Pensar o que daquela situação lhe frustrar tanto e a partir disso buscar mudanças, novas formas de lidar com o ocorrido. Então por exemplo, me frustrei com o meu trabalho, percebi que não vejo mais sentido no que eu faço, na forma que eu faço; não gostei de como a organização que eu trabalho vem lidando com essa pandemia. Então paro para refletir, o que não tem mais sentido? O que tinha sentido antes que agora se perdeu? Qual o meu propósito com isso? O que posso mudar agora? Ou que eu preciso me organizar melhor para mudar? E assim por diante. A frustração não precisa - e não deve - levar ao sentimento de culpa ou de raiva.
Então resumindo, compreender que a frustração é normal, ainda mais nesse momento e entender que ela pode ser um ótimo combustível para eventuais mudanças.
Você pode nos dar algumas dicas ou passos importantes que podem amenizar toda esse turbilhão de pensamentos e sentimentos que estamos vivendo agora (ansiedade, medo, pânico, convivência com você mesmo, solidão, etc)?
É importante reforçar que cada um tem uma forma singular de lidar com tudo que está acontecendo. Por isso se sentir necessidade não hesite em buscar um suporte profissional.

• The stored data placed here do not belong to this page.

lemma post_mean_error_bound:
  assumes pd: "pd_kernel k" and s: "\<sigma> > 0" and h: "in_rkhs (noisy_kernel k \<sigma>) h"
    and dP: "distinct P"
  shows "h z \<le> post_mean k \<sigma> h P z + rkhs_norm (noisy_kernel k \<sigma>) h * (sqrt (post_var k \<sigma> P z) + \<sigma>)"
proof (cases "z \<in> set P")
  case True
  then show ?thesis
    using post_mean_error_bound_observed[OF assms True]
      mult_nonneg_nonneg[OF rkhs_norm_nonneg[OF h]
        real_sqrt_ge_zero[OF post_var_nonneg[OF pd s, of P z]]]
    unfolding distrib_left by linarith
next
  case False
  then show ?thesis
    using sum_post_mean_error_bound[OF pd s h _ dP, of "[z]"]
      mat_total_post_cov_replicate[OF pd s, of P 1 z] post_var_nonneg[OF pd s]
    by (simp add: abs_le_iff)
qed

section \<open>Regret of a batch chosen by the acquisition rule\<close>

lemma noise_rkhs_abs_le:
  assumes "in_rkhs (noise_kernel \<sigma>) g" "\<sigma> > 0"
  shows "\<bar>g z\<bar> \<le> rkhs_norm (noise_kernel \<sigma>) g * \<sigma>"
  using rkhs_abs_le[OF assms(1), of z] assms(2) by (simp add: kdelta_def)

lemma sum_post_mean_le:
  fixes k :: "'a \<Rightarrow> 'a \<Rightarrow> real" and \<sigma> :: real and f g h :: "'a \<Rightarrow> real" and P Z :: "'a list"
  defines "B \<equiv> rkhs_norm (noisy_kernel k \<sigma>) h" and "G \<equiv> rkhs_norm (noise_kernel \<sigma>) g"
  assumes pd: "pd_kernel k" and s: "\<sigma> > 0" and h: "in_rkhs (noisy_kernel k \<sigma>) h"
    and g: "in_rkhs (noise_kernel \<sigma>) g" and h_def: "h = (\<lambda>z. f z + g z)"
    and dZ: "distinct Z" and dP: "distinct P" and disj: "set P \<inter> set Z = {}"
  shows "(\<Sum>z\<leftarrow>Z. post_mean k \<sigma> h P z)
    \<le> (\<Sum>z\<leftarrow>Z. f z) + B * sqrt (mat_total (post_cov k \<sigma> P Z)) + real (length Z) * ((B + G) * \<sigma>)"
proof -
  have "- (\<Sum>z\<leftarrow>Z. h z - post_mean k \<sigma> h P z)
      \<le> B * sqrt (mat_total (post_cov k \<sigma> P Z)) + real (length Z) * (B * \<sigma>)"
    using sum_post_mean_error_bound[OF pd s h dZ dP disj] unfolding B_def
    by (simp add: algebra_simps abs_le_iff)
  moreover have "(\<Sum>z\<leftarrow>Z. g z) \<le> (\<Sum>z\<leftarrow>Z. G * \<sigma>)"
    using noise_rkhs_abs_le[OF g s] unfolding G_def by (intro sum_list_mono) (simp add: abs_le_iff)
  moreover have "(\<Sum>z\<leftarrow>Z. G * \<sigma>) = real (length Z) * (G * \<sigma>)"
    by (simp add: map_replicate_const sum_list_replicate)
  moreover have "(\<Sum>z\<leftarrow>Z. h z - post_mean k \<sigma> h P z)
      = (\<Sum>z\<leftarrow>Z. f z) + (\<Sum>z\<leftarrow>Z. g z) - (\<Sum>z\<leftarrow>Z. post_mean k \<sigma> h P z)"
    by (simp add: h_def sum_list_subtractf sum_list_addf)
  ultimately have "(\<Sum>z\<leftarrow>Z. post_mean k \<sigma> h P z) \<le> (\<Sum>z\<leftarrow>Z. f z)
      + B * sqrt (mat_total (post_cov k \<sigma> P Z)) + real (length Z) * (B * \<sigma>) + real (length Z) * (G * \<sigma>)"
    by linarith
  then show ?thesis by (simp add: algebra_simps)
qed

text \<open>The penalty \<open>- sqrt (1\<^sup>T cov 1) / L\<close> in the acquisition value absorbs the error
  of the posterior mean on the batch.\<close>

lemma batch_regret_bound:
  fixes k :: "'a \<Rightarrow> 'a \<Rightarrow> real" and \<sigma> :: real and f g h :: "'a \<Rightarrow> real" and P Z :: "'a list"
  defines "B \<equiv> rkhs_norm (noisy_kernel k \<sigma>) h" and "G \<equiv> rkhs_norm (noise_kernel \<sigma>) g"
    and "C \<equiv> post_cov k \<sigma> P Z" and "L \<equiv> real (length Z)"
  assumes pd: "pd_kernel k" and s: "\<sigma> > 0"
    and f: "in_rkhs k f" and g: "in_rkhs (noise_kernel \<sigma>) g" and h_def: "h = (\<lambda>z. f z + g z)"
    and dP: "distinct P" and dZ: "distinct Z" and disj: "set P \<inter> set Z = {}" and Z: "Z \<noteq> []"
    and choice: "post_mean k \<sigma> h P xstar + B * sqrt (post_var k \<sigma> P xstar)
      \<le> (\<Sum>z\<leftarrow>Z. post_mean k \<sigma> h P z) / L + B * (2 * sqrt (mat_trace C / L) - sqrt (mat_total C) / L)"
  shows "f xstar - (\<Sum>z\<leftarrow>Z. f z) / L \<le> 2 * B * sqrt (mat_trace C / L) + 2 * (B + G) * \<sigma>"
proof -
  have h: "in_rkhs (noisy_kernel k \<sigma>) h"
    unfolding h_def by (rule in_rkhs_add[OF pd pd_kernel_noise f g])
  have L: "1 \<le> L" using Z unfolding L_def by (cases Z) auto
  have "f xstar \<le> post_mean k \<sigma> h P xstar + B * sqrt (post_var k \<sigma> P xstar) + (B + G) * \<sigma>"
    using post_mean_error_bound[OF pd s h dP, of xstar] noise_rkhs_abs_le[OF g s, of xstar] h_def
    unfolding B_def G_def distrib_left distrib_right by (simp add: abs_le_iff)
  also have "\<dots> \<le> (\<Sum>z\<leftarrow>Z. post_mean k \<sigma> h P z) / L
      + B * (2 * sqrt (mat_trace C / L) - sqrt (mat_total C) / L) + (B + G) * \<sigma>"
    using choice by (rule add_right_mono)
  also have "(\<Sum>z\<leftarrow>Z. post_mean k \<sigma> h P z) / L
      \<le> ((\<Sum>z\<leftarrow>Z. f z) + B * sqrt (mat_total C) + L * ((B + G) * \<sigma>)) / L"
    using sum_post_mean_le[OF pd s h g h_def dZ dP disj] L
    unfolding B_def G_def C_def L_def by (intro divide_right_mono) auto
  also have "\<dots> = (\<Sum>z\<leftarrow>Z. f z) / L + B * (sqrt (mat_total C) / L) + (B + G) * \<sigma>"
    using L by (simp add: add_divide_distrib)
  finally show ?thesis by (simp add: algebra_simps)
qed

lemma acq_eq:
  "acq k \<sigma> h B x L n Z =
    (\<Sum>z\<leftarrow>Z. post_mean k \<sigma> h (queried x ((n - 1) * L)) z) / real L
    + B * (2 * sqrt (mat_trace (post_cov k \<sigma> (queried x ((n - 1) * L)) Z) / real L)
           - sqrt (mat_total (post_cov k \<sigma> (queried x ((n - 1) * L)) Z)) / real L)"
  by (simp add: acq_def Let_def real_sqrt_divide)

lemma acq_replicate:
  assumes "pd_kernel k" "\<sigma> > 0" "1 \<le> L"
  shows "acq k \<sigma> h B x L n (replicate L z) =
    post_mean k \<sigma> h (queried x ((n - 1) * L)) z + B * sqrt (post_var k \<sigma> (queried x ((n - 1) * L)) z)"
  using assms(3)
  by (simp add: acq_eq mat_trace_post_cov_replicate[OF assms(1,2)]
      mat_total_post_cov_replicate[OF assms(1,2)]
      sum_list_replicate real_sqrt_mult)

lemma distinct_queried:
  assumes "inj_on x {1..t}"
  shows "distinct (queried x t)"
proof -
  have "set [1..<t + 1] = {1..t}" by auto
  then show ?thesis unfolding queried_def distinct_map using assms by simp
qed

lemma queried_append_batch:
  assumes "1 \<le> n"
  shows "queried x ((n - 1) * L) @ batch x L n = queried x (n * L)"
proof -
  have "n * L = (n - 1) * L + L" using assms by (cases n) auto
  then show ?thesis
    unfolding queried_def batch_def map_append[symmetric]
    using upt_add_eq_append[of 1 "(n - 1) * L + 1" L] by (simp add: ac_simps)
qed

lemma length_batch:
  assumes "1 \<le> n"
  shows "length (batch x L n) = L"
proof -
  have "(n - 1) * L + length (batch x L n) = n * L"
    using arg_cong[OF queried_append_batch[OF assms, of x L], of length]
    unfolding queried_def length_append length_map length_upt by simp
  moreover have "n * L = (n - 1) * L + L" using assms by (cases n) auto
  ultimately show ?thesis by simp
qed

lemma sum_list_batch:
  assumes "1 \<le> n"
  shows "(\<Sum>z\<leftarrow>batch x L n. F z) = (\<Sum>i=1..L. F (x ((n - 1) * L + i)))"
proof -
  have nL: "n * L = (n - 1) * L + L" using assms by (cases n) auto
  have "(\<Sum>z\<leftarrow>batch x L n. F z) = sum (F \<circ> x) {(n - 1) * L + 1..<n * L + 1}"
    unfolding batch_def map_map interv_sum_list_conv_sum_set_nat set_upt ..
  also have "{(n - 1) * L + 1..<n * L + 1} = {1 + (n - 1) * L..<(L + 1) + (n - 1) * L}"
    by (auto simp: nL)
  also have "sum (F \<circ> x) \<dots> = (\<Sum>i\<in>{1..<L + 1}. F (x (i + (n - 1) * L)))"
    using sum.shift_bounds_nat_ivl[of "F \<circ> x" 1 "(n - 1) * L" "L + 1"] by simp
  also have "\<dots> = (\<Sum>i=1..L. F (x ((n - 1) * L + i)))"
    by (simp add: atLeastLessThanSuc_atLeastAtMost add.commute)
  finally show ?thesis .
qed

theorem mainTheorem17:
  fixes k :: "'a \<Rightarrow> 'a \<Rightarrow> real" and \<sigma> :: real
    and f g h :: "'a \<Rightarrow> real" and x :: "nat \<Rightarrow> 'a"
    and L N n :: nat and xstar :: 'a
  assumes kernel: "pd_kernel k"
    and sigma_pos: "\<sigma> > 0"
    and f_rkhs: "in_rkhs k f"
    and g_rkhs: "in_rkhs (\<lambda>u v. \<sigma>\<^sup>2 * kdelta u v) g"
    and h_def: "h = (\<lambda>z. f z + g z)"
    and L_pos: "L \<ge> 1"
    and n_range: "1 \<le> n" "n \<le> N"
    and distinct: "inj_on x {1..N*L}"
    and alg: "\<And>m Z. 1 \<le> m \<Longrightarrow> m \<le> N \<Longrightarrow> length Z = L \<Longrightarrow>
       acq k \<sigma> h (rkhs_norm (\<lambda>u v. k u v + \<sigma>\<^sup>2 * kdelta u v) h) x L m Z
       \<le> acq k \<sigma> h (rkhs_norm (\<lambda>u v. k u v + \<sigma>\<^sup>2 * kdelta u v) h) x L m (batch x L m)"
    and xstar_max: "\<And>z. f z \<le> f xstar"
  shows "(1 / real L) * (\<Sum>i=1..L. f xstar - f (x ((n-1)*L + i)))
     \<le> 2 * rkhs_norm (\<lambda>u v. k u v + \<sigma>\<^sup>2 * kdelta u v) h
          * sqrt (mat_trace (post_cov k \<sigma> (queried x ((n-1)*L)) (batch x L n)) / real L)
       + 2 * (rkhs_norm (\<lambda>u v. k u v + \<sigma>\<^sup>2 * kdelta u v) h
              + rkhs_norm (\<lambda>u v. \<sigma>\<^sup>2 * kdelta u v) g) * \<sigma>"
proof -
  define P where "P = queried x ((n - 1) * L)"
  define Z where "Z = batch x L n"
  have len: "length Z = L" unfolding Z_def by (rule length_batch[OF n_range(1)])
  have "distinct (P @ Z)"
    unfolding P_def Z_def queried_append_batch[OF n_range(1)]
    using mult_le_mono1[OF n_range(2)] by (intro distinct_queried inj_on_subset[OF distinct]) auto
  then have dP: "distinct P" and dZ: "distinct Z" and disj: "set P \<inter> set Z = {}" by simp_all
  have "Z \<noteq> []" using len L_pos by auto
  note regret = batch_regret_bound[OF kernel sigma_pos f_rkhs g_rkhs h_def dP dZ disj this, unfolded len]
  have "post_mean k \<sigma> h P xstar + rkhs_norm (noisy_kernel k \<sigma>) h * sqrt (post_var k \<sigma> P xstar)
      \<le> (\<Sum>z\<leftarrow>Z. post_mean k \<sigma> h P z) / real L + rkhs_norm (noisy_kernel k \<sigma>) h *
         (2 * sqrt (mat_trace (post_cov k \<sigma> P Z) / real L)
          - sqrt (mat_total (post_cov k \<sigma> P Z)) / real L)"
    using alg[OF n_range, of "replicate L xstar"]
    unfolding acq_replicate[OF kernel sigma_pos L_pos] P_def[symmetric] Z_def[symmetric]
    unfolding acq_eq P_def[symmetric] by simp
  then have "f xstar - (\<Sum>z\<leftarrow>Z. f z) / real L
      \<le> 2 * rkhs_norm (noisy_kernel k \<sigma>) h * sqrt (mat_trace (post_cov k \<sigma> P Z) / real L)
        + 2 * (rkhs_norm (noisy_kernel k \<sigma>) h + rkhs_norm (noise_kernel \<sigma>) g) * \<sigma>"
    by (rule regret)
  moreover have "(\<Sum>i=1..L. f xstar - f (x ((n - 1) * L + i))) = real L * f xstar - (\<Sum>z\<leftarrow>Z. f z)"
    unfolding Z_def sum_list_batch[OF n_range(1)] by (simp add: sum_subtractf)
  ultimately show ?thesis
    unfolding P_def Z_def using L_pos by (simp add: diff_divide_distrib)
qed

Mas deixo aqui algumas atividades que podem ajudar.
1- Respirar, tirar alguns minutinhos dos dia para fazer uma respiração profunda, é uma ótima oportunidade de entrar em contato consigo e lembrar que ainda pulsa vida dentro de cada um.
2 - Fazer algum exercício, já estamos em uma situação que estamos mais contraídos, dentro de casa, mais reclusos, então movimentar o corpo de alguma maneira, fazer com que ele se expanda dentro de seus novos limites é importante. Seja uma yoga, um alongamento, uma aula de dança, o exercício que for viável (dentro de casa!).
3 - Realizar encontros virtuais com amigos e família também pode ajudar bastante, é uma ótima forma de descontração e também de compartilhar as angústias desse momento e perceber que não estamos sozinhos.
4 - Buscar organizar uma rotina diária de afazeres também pode ser interessante, não precisa ser nada muito rígido, apenas algo para dar um contorno ao dia. Então definir um horário de trabalho, horário de lazer, de estudos. E se não conseguir cumprir, está tudo bem também, porque a maior dica que tenho diante disso tudo é "se ouça". Ouça o que o seu corpo está te dizendo quando senti muito sono no meio da tarde, ou quando a ansiedade bate pesada e quando a concentração vai lá embaixo. Não se cobre tanto nesse período, você e o resto do mundo está tentando entender como essa dinâmica funciona, está tudo bem ficar perdido e dar uma travada. Aos poucos vamos pegando o jeito.
Como você tem se sentido nesta quarentena? É muito importante reconhecer nossos sentimentos e, se precisar de ajuda, procurar um profissional capacitado que possa te ajudar neste momento. Estamos juntos nessa.